He reached the door. It had been set back in place!

In disbelief and utter horror he stared at the curved line in the wall that showed where the door had been replaced in its socket. But this was never done! This had never been heard of!

Eric beat frantically on the door with his fists. Would his knuckles make enough noise to penetrate the heavy slab? Or just enough to attract the Monster's attention?

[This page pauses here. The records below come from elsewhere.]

lemma local_minimizers_on_curve_imp_second_derivative_nonpos:
  fixes \<gamma> :: "real \<Rightarrow> real ^ 'n" and G' G'' :: "real \<Rightarrow> real"
  assumes "local_minimizer_on g S (\<gamma> a)" "local_minimizer_on g S (\<gamma> b)" "a < b"
    and "\<And>t. isCont \<gamma> t" "\<And>t. a \<le> t \<Longrightarrow> t \<le> b \<Longrightarrow> \<gamma> t \<in> S"
    and "\<And>t. ((\<lambda>s. g (\<gamma> s)) has_real_derivative G' t) (at t)"
    and "\<And>t. (G' has_real_derivative G'' t) (at t)"
  obtains \<xi> where "a < \<xi>" "\<xi> < b" "G'' \<xi> \<le> 0"
proof -
  have "(\<gamma> \<longlongrightarrow> \<gamma> a) (at_right a)" "(\<gamma> \<longlongrightarrow> \<gamma> b) (at_left b)"
    using assms(4) by (simp_all add: isCont_def filterlim_at_split)
  moreover have "eventually (\<lambda>t. \<gamma> t \<in> S) (at_right a)" "eventually (\<lambda>t. \<gamma> t \<in> S) (at_left b)"
    using eventually_at_right_real[OF assms(3)] eventually_at_left_real[OF assms(3)] assms(5)
    by (auto elim!: eventually_mono)
  ultimately show thesis
    using one_sided_minima_imp_second_derivative_nonpos[OF assms(3,6,7)] that
      local_minimizer_on_eventually_le[OF assms(1)] local_minimizer_on_eventually_le[OF assms(2)]
    by blast
qed

theorem lemma9:
  fixes A :: "real ^ 'n ^ 'n" and \<beta> \<nu> :: real and z0 :: "real ^ 'n"
  assumes symA: "transpose A = A"
    and beta_pos: "\<beta> > 0"
    and nu_pos: "0 < \<nu>" and nu_le: "\<nu> \<le> 1"
    and z0_sphere: "z0 \<in> unit_sphere"
    and hess_pos: "\<forall>z\<in>region z0 \<nu>. \<forall>v\<in>tangent_space z - {0}. hess_form A \<beta> z v > 0"
  shows "\<forall>z1 z2. local_minimizer_on (obj A \<beta>) (region z0 \<nu>) z1
                \<and> local_minimizer_on (obj A \<beta>) (region z0 \<nu>) z2 \<longrightarrow> z1 = z2"
proof (intro allI impI, elim conjE, rule ccontr)
  fix z1 z2
  assume min1: "local_minimizer_on (obj A \<beta>) (region z0 \<nu>) z1"
    and min2: "local_minimizer_on (obj A \<beta>) (region z0 \<nu>) z2" and "z1 \<noteq> z2"
  have z1: "z1 \<in> region z0 \<nu>" and "z2 \<in> region z0 \<nu>"
    using min1 min2 by (simp_all add: local_minimizer_on_def)
  moreover have "norm z0 = 1"
    using z0_sphere by (simp add: unit_sphere_def)
  ultimately obtain b \<theta> where b: "b \<bullet> b = 1" "z1 \<bullet> b = 0" and "0 < \<theta>"
    and z2_eq: "great_circle z1 b \<theta> = z2"
    and arc: "\<And>t. 0 \<le> t \<Longrightarrow> t \<le> \<theta> \<Longrightarrow> great_circle z1 b t \<in> region z0 \<nu>"
    using region_great_circle_arc nu_le \<open>z1 \<noteq> z2\<close> by metis
  have "z1 \<bullet> z1 = 1"
    using z1 by (simp add: region_def unit_sphere_def norm_eq_1)
  note orthonormal = this b
  have "local_minimizer_on (obj A \<beta>) (region z0 \<nu>) (great_circle z1 b 0)"
    and "local_minimizer_on (obj A \<beta>) (region z0 \<nu>) (great_circle z1 b \<theta>)"
    using min1 min2 z2_eq by simp_all
  from local_minimizers_on_curve_imp_second_derivative_nonpos[OF this \<open>0 < \<theta>\<close> isCont_great_circle arc
      obj_has_real_derivative_along[OF great_circle_has_vector_derivative]
      obj_dir_deriv_great_circle_has_real_derivative[OF orthonormal]]
  obtain \<xi> where \<xi>: "0 < \<xi>" "\<xi> < \<theta>"
    and hess_nonpos: "hess_form A \<beta> (great_circle z1 b \<xi>) (great_circle b (-z1) \<xi>) \<le> 0" .
  have "great_circle b (-z1) \<xi> \<in> tangent_space (great_circle z1 b \<xi>) - {0}"
    using inner_great_circle[OF orthonormal, of \<xi>] inner_great_circle(1)[of b "-z1" \<xi>] orthonormal
    by (auto simp: tangent_space_def inner_commute)
  moreover have "great_circle z1 b \<xi> \<in> region z0 \<nu>"
    using arc \<xi> by simp
  ultimately show False
    using hess_pos hess_nonpos by (meson bspec not_le)
qed
lemma gdist_less_if_not_geodesic:
  assumes "walk_from_to E u v xs" "\<not> geodesic E xs"
  shows "Suc (gdist E u v) < length xs"
  using assms gdist_le_length[OF assms(1)]
  by (auto simp: geodesic_def walk_from_to_def)

lemma geodetic_first_step_unique:
  assumes "geodetic E" "E u p" "E u q"
    and "gdist E p v = k" "gdist E q v = k" "gdist E u v = Suc k"
  shows "p = q"
proof -
  obtain P where P: "walk_from_to E p v P" "length P = Suc k"
    using shortest_walk_exists[OF assms(1)] assms(4) by blast
  obtain Q where Q: "walk_from_to E q v Q" "length Q = Suc k"
    using shortest_walk_exists[OF assms(1)] assms(5) by blast
  have shortest: "\<forall>ys. walk_from_to E u v ys \<longrightarrow> length (u # R) \<le> length ys"
    if "length R = Suc k" for R
    using gdist_le_length[of E u v] assms(6) that by fastforce
  have "walk_from_to E u v (u # P)" "walk_from_to E u v (u # Q)"
    using P Q assms(2,3) by (cases P; cases Q; auto simp: walk_from_to_def walk_Cons_Cons)+
  then have "u # P = u # Q"
    using assms(1) shortest P(2) Q(2) unfolding geodetic_def by metis
  then show ?thesis using P Q by (simp add: walk_from_to_def)
qed
(* There exists an almost discrete Fréchet–Urysohn (Tychonoff) space $Z$ such that $Z\times Z$ is not a weakly Grothendieck space.
   Context: A space is almost discrete if it has exactly one non-isolated point. $C_p(X)$ is the space of continuous real-valued functions on $X$ with the pointwise convergence topology. A space $W$ is a $g$-space if every subset $A\subseteq W$ such that every infinite subset of $A$ has an accumulation point in $W$ has compact closure in $W$; $X$ is weakly Grothendieck if $C_p(X)$ is a $g$-space. *)

theory Defs
  imports "HOL-Analysis.Analysis"
begin

definition almost_discrete :: "'a topology \<Rightarrow> bool" where
  "almost_discrete X \<longleftrightarrow> (\<exists>!p. p \<in> topspace X \<and> \<not> openin X {p})"

definition frechet_urysohn :: "'a topology \<Rightarrow> bool" where
  "frechet_urysohn X \<longleftrightarrow>
     (\<forall>A x. A \<subseteq> topspace X \<and> x \<in> X closure_of A \<longrightarrow>
        (\<exists>\<sigma>::nat \<Rightarrow> 'a. range \<sigma> \<subseteq> A \<and> limitin X \<sigma> x sequentially))"

definition tychonoff_space :: "'a topology \<Rightarrow> bool" where
  "tychonoff_space X \<longleftrightarrow> completely_regular_space X \<and> t1_space X"

text \<open>C_p(X): continuous real functions on X (extensional, i.e. undefined off topspace X)
  with the topology of pointwise convergence (subspace of the product R^X).\<close>
definition Cp :: "'a topology \<Rightarrow> ('a \<Rightarrow> real) topology" where
  "Cp X = subtopology (product_topology (\<lambda>_. euclideanreal) (topspace X))
            {f. continuous_map X euclideanreal f \<and> f \<in> extensional (topspace X)}"

definition g_space :: "'b topology \<Rightarrow> bool" where
  "g_space W \<longleftrightarrow>
     (\<forall>A. A \<subseteq> topspace W \<and> (\<forall>B. B \<subseteq> A \<and> infinite B \<longrightarrow> W derived_set_of B \<noteq> {})
          \<longrightarrow> compactin W (W closure_of A))"

definition weakly_grothendieck :: "'a topology \<Rightarrow> bool" where
  "weakly_grothendieck X \<longleftrightarrow> g_space (Cp X)"

end

theory Submission
  imports Defs
begin

text \<open>
  \<open>Z\<close> is the sequential fan with spines indexed by \<open>\<nat> \<Rightarrow> \<nat>\<close>: an apex and points \<open>pt g m\<close>,
  where a neighbourhood of the apex contains, for some \<open>f\<close>, all \<open>pt g m\<close> with \<open>m > f g\<close>.
  It is almost discrete, zero-dimensional (hence Tychonoff) and Frechet-Urysohn, since a set
  accumulating at the apex meets some spine in infinitely many points.

  In \<open>X = Z \<times> Z\<close> the pairs \<open>(pt (\<lambda>_. i) (g i), pt g i)\<close> form a set \<open>S\<close> of isolated points with
  \<open>(apex, apex)\<close> in its closure, but a diagonal argument shows that no countable part of \<open>S\<close>
  accumulates at \<open>(apex, apex)\<close>. So every countable subset of \<open>S\<close> is clopen while \<open>S\<close> is not
  closed. In \<open>C\<^sub>p(X)\<close> the indicators of finite subsets of \<open>S\<close> then form a set every infinite
  part of which accumulates (by compactness of \<open>{0,1}\<^sup>T\<close>, \<open>T\<close> countable) at a continuous
  indicator, whereas its closure in \<open>\<real>\<^sup>X\<close> contains the discontinuous indicator of \<open>S\<close>;
  hence its closure in \<open>C\<^sub>p(X)\<close> is not compact.
\<close>

lemma notin_prod_closure_ofI:
  assumes "openin X U" "openin Y V" "x \<in> U" "y \<in> V" "(U \<times> V) \<inter> S = {}"
  shows "(x, y) \<notin> prod_topology X Y closure_of S"
proof -
  have "openin (prod_topology X Y) (U \<times> V)"
    using assms(1,2) by (simp add: openin_prod_Times_iff)
  then have "(U \<times> V) \<inter> prod_topology X Y closure_of S = {}"
    using assms(5) by (simp add: openin_Int_closure_of_eq_empty)
  with assms(3,4) show ?thesis
    by blast
qed

section \<open>Spaces whose \<open>C\<^sub>p\<close> is not a g-space\<close>

lemma continuous_map_indicator_clopen:
  assumes "openin X U" "closedin X U"
  shows "continuous_map X euclideanreal (indicator U :: 'a \<Rightarrow> real)"
proof -
  have "openin X {x \<in> topspace X. indicator U x \<in> V}" for V :: "real set"
  proof -
    have "{x \<in> topspace X. (indicator U x :: real) \<in> V} =
          (if 1 \<in> V then U else {}) \<union> (if 0 \<in> V then topspace X - U else {})"
      using openin_subset[OF assms(1)] by (auto simp: indicator_def)
    then show ?thesis
      using assms by (auto simp: closedin_def)
  qed
  then show ?thesis
    by (simp add: continuous_map_def)
qed

lemma closedin_if_continuous_map_indicator:
  assumes "continuous_map X euclideanreal (indicator S :: 'a \<Rightarrow> real)" "S \<subseteq> topspace X"
  shows "closedin X S"
proof -
  have "closedin X {x \<in> topspace X. (indicator S x :: real) \<in> {1}}"
    using assms(1) by (rule closedin_continuous_map_preimage) simp
  moreover have "{x \<in> topspace X. (indicator S x :: real) \<in> {1}} = S"
    using assms(2) by (auto simp: indicator_def)
  ultimately show ?thesis by simp
qed

definition indicator_on :: "'a set \<Rightarrow> 'a set \<Rightarrow> 'a \<Rightarrow> real" where
  "indicator_on I F = restrict (indicator F) I"

lemma indicator_on_in_topspace_Cp:
  assumes "openin X U" "closedin X U"
  shows "indicator_on (topspace X) U \<in> topspace (Cp X)"
proof -
  have "continuous_map X euclideanreal (indicator_on (topspace X) U)"
    using continuous_map_indicator_clopen[OF assms]
    by (rule continuous_map_eq) (simp add: indicator_on_def)
  then show ?thesis
    by (simp add: Cp_def indicator_on_def)
qed

lemma continuous_map_indicator_on_imp_closedin:
  assumes "indicator_on (topspace X) S \<in> topspace (Cp X)" "S \<subseteq> topspace X"
  shows "closedin X S"
proof -
  have "continuous_map X euclideanreal (indicator_on (topspace X) S)"
    using assms(1) by (simp add: Cp_def)
  then have "continuous_map X euclideanreal (indicator S :: 'a \<Rightarrow> real)"
    by (rule continuous_map_eq) (simp add: indicator_on_def)
  then show ?thesis
    using assms(2) by (rule closedin_if_continuous_map_indicator)
qed

lemma indicator_on_in_closure_of_finite_subsets:
  "indicator_on I T \<in> product_topology (\<lambda>_. euclideanreal) I closure_of
     (indicator_on I ` {F. finite F \<and> F \<subseteq> T})"
  unfolding in_closure_of
proof (intro conjI allI impI)
  show "indicator_on I T \<in> topspace (product_topology (\<lambda>_. euclideanreal) I)"
    by (simp add: indicator_on_def)
  fix W assume W: "indicator_on I T \<in> W \<and> openin (product_topology (\<lambda>_. euclideanreal) I) W"
  then obtain V where V: "indicator_on I T \<in> (\<Pi>\<^sub>E i\<in>I. V i)" "finite {i. V i \<noteq> UNIV}"
      "(\<Pi>\<^sub>E i\<in>I. V i) \<subseteq> W"
    using product_topology_open_contains_basis[of "\<lambda>_. euclideanreal" I W "indicator_on I T"] W
    by auto
  define F where "F = {i. V i \<noteq> UNIV} \<inter> T"
  have "indicator_on I F i \<in> V i" if "i \<in> I" for i
  proof (cases "V i = UNIV")
    case False
    then have "indicator_on I F i = indicator_on I T i"
      by (simp add: F_def indicator_on_def indicator_def)
    then show ?thesis
      using V(1) that by (simp add: PiE_iff)
  qed simp
  then have "indicator_on I F \<in> W"
    using V(3) by (auto simp: PiE_iff indicator_on_def)
  moreover have "finite F" "F \<subseteq> T"
    using V(2) by (auto simp: F_def)
  ultimately show "\<exists>y. y \<in> indicator_on I ` {F. finite F \<and> F \<subseteq> T} \<and> y \<in> W"
    by blast
qed

lemma indicators_of_finite_subsets_accumulate:
  assumes B: "B \<subseteq> indicator_on I ` {F. finite F \<and> F \<subseteq> T}" "infinite B"
  obtains E where "countable E" "E \<subseteq> T"
    "indicator_on I E \<in> product_topology (\<lambda>_. euclideanreal) I derived_set_of B"
proof -
  let ?P = "product_topology (\<lambda>_. euclideanreal) I"
  obtain C where C: "C \<subseteq> B" "countable C" "infinite C"
    using infinite_countable_subset'[OF B(2)] by blast
  then obtain \<F> where \<F>: "countable \<F>" "\<F> \<subseteq> {F. finite F \<and> F \<subseteq> T}" "C = indicator_on I ` \<F>"
    using B(1) countable_subset_image[of C "indicator_on I"] by (metis subset_trans)
  define E where "E = (\<Union>F\<in>\<F>. F)"
  have E: "countable E" "E \<subseteq> T"
    using \<F>(1,2) unfolding E_def by (blast intro: countable_finite)+
  define Q where "Q = (\<Pi>\<^sub>E i\<in>I. if i \<in> E then {0, 1::real} else {0})"
  have "compactin ?P Q"
    unfolding Q_def compactin_PiE by (auto intro: finite_imp_compactin)
  moreover have "C \<subseteq> Q"
    using \<F>(3) by (auto simp: Q_def E_def indicator_on_def indicator_def)
  ultimately obtain f where f: "f \<in> Q" "f \<in> ?P derived_set_of C"
    using C(3) compactin_imp_Bolzano_Weierstrass by blast
  define E' where "E' = {i \<in> E. f i = 1}"
  have "f = indicator_on I E'"
  proof
    fix i show "f i = indicator_on I E' i"
      using f(1) by (cases "i \<in> I"; cases "i \<in> E")
        (auto simp: E'_def Q_def indicator_on_def indicator_def PiE_iff extensional_def)
  qed
  moreover have "f \<in> ?P derived_set_of B"
    using f(2) derived_set_of_mono[OF C(1)] by blast
  moreover have "countable E'" "E' \<subseteq> T"
    using E countable_subset[of E' E] by (auto simp: E'_def)
  ultimately show thesis
    using that by blast
qed
(* Let $S$ be a submonoid of $\mathbb N^d$. Then $S$ is a PI-monoid if and only if $m(S)\in S\setminus\{0\}$ and $(S\setminus\{0\})-m(S)=\{\mathbf s-m(S):\mathbf s\in S\setminus\{0\}\}$ is a submonoid of $\mathbb N^d$.
   Context: $\preceq_{\mathbb N^d}$ is the componentwise partial order on $\mathbb N^d$; the multiplicity of $S$ is $m(S)=\inf_{\preceq_{\mathbb N^d}}(S\setminus\{0\})$. $S$ is a PI-monoid if there exist a submonoid $T$ of $\mathbb N^d$ and $\mathbf a\in T\setminus\{0\}$ with $S=(\mathbf a+T)\cup\{0\}$. *)

theory Defs
  imports Main "HOL-Library.Function_Algebras"
begin

text \<open>Elements of N^d are modelled as functions 'd \<Rightarrow> nat for a finite index type 'd.
  Addition/zero are pointwise (Function_Algebras); the order \<le> on functions is the
  pointwise (componentwise) order.\<close>

definition submonoid :: "('d::finite \<Rightarrow> nat) set \<Rightarrow> bool" where
  "submonoid T \<longleftrightarrow> 0 \<in> T \<and> (\<forall>x\<in>T. \<forall>y\<in>T. x + y \<in> T)"

definition is_inf_cw :: "('d::finite \<Rightarrow> nat) set \<Rightarrow> ('d \<Rightarrow> nat) \<Rightarrow> bool" where
  "is_inf_cw A m \<longleftrightarrow> (\<forall>s\<in>A. m \<le> s) \<and> (\<forall>l. (\<forall>s\<in>A. l \<le> s) \<longrightarrow> l \<le> m)"

definition multiplicity_mon :: "('d::finite \<Rightarrow> nat) set \<Rightarrow> ('d \<Rightarrow> nat)" where
  "multiplicity_mon S = (THE m. is_inf_cw (S - {0}) m)"

definition PI_monoid :: "('d::finite \<Rightarrow> nat) set \<Rightarrow> bool" where
  "PI_monoid S \<longleftrightarrow> (\<exists>T a. submonoid T \<and> a \<in> T \<and> a \<noteq> 0 \<and> S = ((\<lambda>t. a + t) ` T) \<union> {0})"

end

theory Submission
  imports Defs
begin

text \<open>If \<open>S = (a + T) \<union> {0}\<close> with \<open>0 \<in> T\<close>, then \<open>a\<close> is the least nonzero element of \<open>S\<close>, so
  \<open>m(S) = a\<close> and subtracting it recovers \<open>T\<close>. Conversely, when \<open>m = m(S)\<close> lies in \<open>S\<close>,
  every nonzero \<open>s \<in> S\<close> satisfies \<open>m \<le> s\<close>, so \<open>s = m + (s - m)\<close> and \<open>S\<close> is the shift by \<open>m\<close> of
  \<open>T = (S \<setminus> {0}) - m\<close>; moreover \<open>m \<in> T\<close> because \<open>m = (m + m) - m\<close>.\<close>

lemma is_inf_cw_pointwise_Inf:
  fixes A :: "('d::finite \<Rightarrow> nat) set"
  assumes "A \<noteq> {}"
  shows "is_inf_cw A (\<lambda>i. Inf ((\<lambda>s. s i) ` A))"
  using assms unfolding is_inf_cw_def le_fun_def
  by (auto intro: cInf_lower cInf_greatest)

lemma is_inf_cw_unique:
  assumes "is_inf_cw A m" "is_inf_cw A m'"
  shows "m = m'"
  using assms unfolding is_inf_cw_def by (meson antisym)

lemma multiplicity_mon_eqI:
  assumes "is_inf_cw (S - {0}) m"
  shows "multiplicity_mon S = m"
  unfolding multiplicity_mon_def using assms is_inf_cw_unique by blast

lemma is_inf_cw_multiplicity_mon:
  fixes S :: "('d::finite \<Rightarrow> nat) set"
  assumes "S - {0} \<noteq> {}"
  shows "is_inf_cw (S - {0}) (multiplicity_mon S)"
  using is_inf_cw_pointwise_Inf[OF assms] multiplicity_mon_eqI by metis

lemma fun_add_eq_0_iff:
  fixes a b :: "'d \<Rightarrow> nat"
  shows "a + b = 0 \<longleftrightarrow> a = 0 \<and> b = 0"
  by (auto simp: fun_eq_iff)

lemma fun_le_add_diff_inverse:
  fixes m s :: "'d \<Rightarrow> nat"
  assumes "m \<le> s"
  shows "m + (s - m) = s"
  using assms by (auto simp: le_fun_def fun_eq_iff)

lemma is_inf_cw_add_image:
  fixes a :: "'d::finite \<Rightarrow> nat"
  assumes "0 \<in> T"
  shows "is_inf_cw ((+) a ` T) a"
  unfolding is_inf_cw_def
proof (intro conjI ballI allI impI)
  fix s assume "s \<in> (+) a ` T"
  then show "a \<le> s"
    by (auto simp: le_fun_def)
next
  fix l assume "\<forall>s\<in>(+) a ` T. l \<le> s"
  then show "l \<le> a"
    using assms by (metis add.right_neutral image_eqI)
qed

lemma multiplicity_mon_shifted_monoid:
  fixes a :: "'d::finite \<Rightarrow> nat"
  assumes T: "submonoid T" and "a \<noteq> 0" and S: "S = (+) a ` T \<union> {0}"
  shows "multiplicity_mon S = a" and "(\<lambda>s. s - a) ` (S - {0}) = T"
proof -
  have S0: "S - {0} = (+) a ` T"
    using S \<open>a \<noteq> 0\<close> by (auto simp: fun_add_eq_0_iff)
  then show "multiplicity_mon S = a"
    using T by (simp add: multiplicity_mon_eqI is_inf_cw_add_image submonoid_def)
  show "(\<lambda>s. s - a) ` (S - {0}) = T"
    unfolding S0 image_image by simp
qed

lemma submonoid_shifted_decomposition:
  fixes S :: "('d::finite \<Rightarrow> nat) set"
  assumes "submonoid S" and m: "m \<in> S - {0}" and inf: "is_inf_cw (S - {0}) m"
  defines "T \<equiv> (\<lambda>s. s - m) ` (S - {0})"
  shows "m \<in> T" and "S = (+) m ` T \<union> {0}"
proof -
  have shift: "m + (s - m) = s" if "s \<in> S - {0}" for s
    using inf that unfolding is_inf_cw_def by (blast intro: fun_le_add_diff_inverse)
  have "m + m \<in> S - {0}"
    using assms(1) m unfolding submonoid_def by (auto simp: fun_add_eq_0_iff)
  then show "m \<in> T"
    unfolding T_def by (metis add_diff_cancel_left' image_eqI)
  have "(+) m ` T = S - {0}"
    unfolding T_def image_image using shift by simp
  then show "S = (+) m ` T \<union> {0}"
    using assms(1) unfolding submonoid_def by blast
qed

theorem proposition5p5:
  fixes S :: "('d::finite \<Rightarrow> nat) set"
  assumes "submonoid S"
  shows "PI_monoid S \<longleftrightarrow>
    (multiplicity_mon S \<in> S - {0} \<and>
     submonoid ((\<lambda>s. s - multiplicity_mon S) ` (S - {0})))"
proof
  assume "PI_monoid S"
  then obtain T a where T: "submonoid T" "a \<in> T" "a \<noteq> 0" and S: "S = (+) a ` T \<union> {0}"
    unfolding PI_monoid_def by blast
  note m = multiplicity_mon_shifted_monoid[OF T(1,3) S]
  have "a \<in> S - {0}"
    using T S unfolding submonoid_def by force
  then show "multiplicity_mon S \<in> S - {0} \<and>
      submonoid ((\<lambda>s. s - multiplicity_mon S) ` (S - {0}))"
    using m T(1) by simp
next
  assume h: "multiplicity_mon S \<in> S - {0} \<and>
      submonoid ((\<lambda>s. s - multiplicity_mon S) ` (S - {0}))"
  then have "is_inf_cw (S - {0}) (multiplicity_mon S)"
    by (blast intro: is_inf_cw_multiplicity_mon)
  note decomposition = submonoid_shifted_decomposition[OF assms _ this]
  show "PI_monoid S"
    unfolding PI_monoid_def using h decomposition by blast
qed

end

He twisted his head quickly—a look, a deliberately wasted moment, to estimate the closeness of his danger. The Monster's legs moved so slowly: its speed would have been laughable if the very size of those legs didn't serve to push it forward an incredible distance with each step. And there was nothing laughable in that long, narrow neck, almost as long as the rest of the body, and the malevolent, relatively tiny head on the end of the neck. And those horrible pink things, all around the neck, just behind the head—

It was much nearer than it had been just seconds ago, but whether it had noticed him and was coming at him he had no idea. Beat at the door with the shaft of a spear? That should attract attention, that might be heard.

Yes, by the Monster too.

There was only one thing to do. He stepped a few paces back from the wall. Then he leaped forward, smashing his shoulder into the door. He felt it give a little. Another try.

The floor-shaking thumps of the Monster's steps were now so close as to be almost deafening. At any moment, a great gray foot might come down and grind out his life. Eric stepped back again, forcing himself not to look up.

Another leap, another bruising collision with the door. It had definitely moved. An indentation showed all around it.

Was he about to be stepped on—to be squashed?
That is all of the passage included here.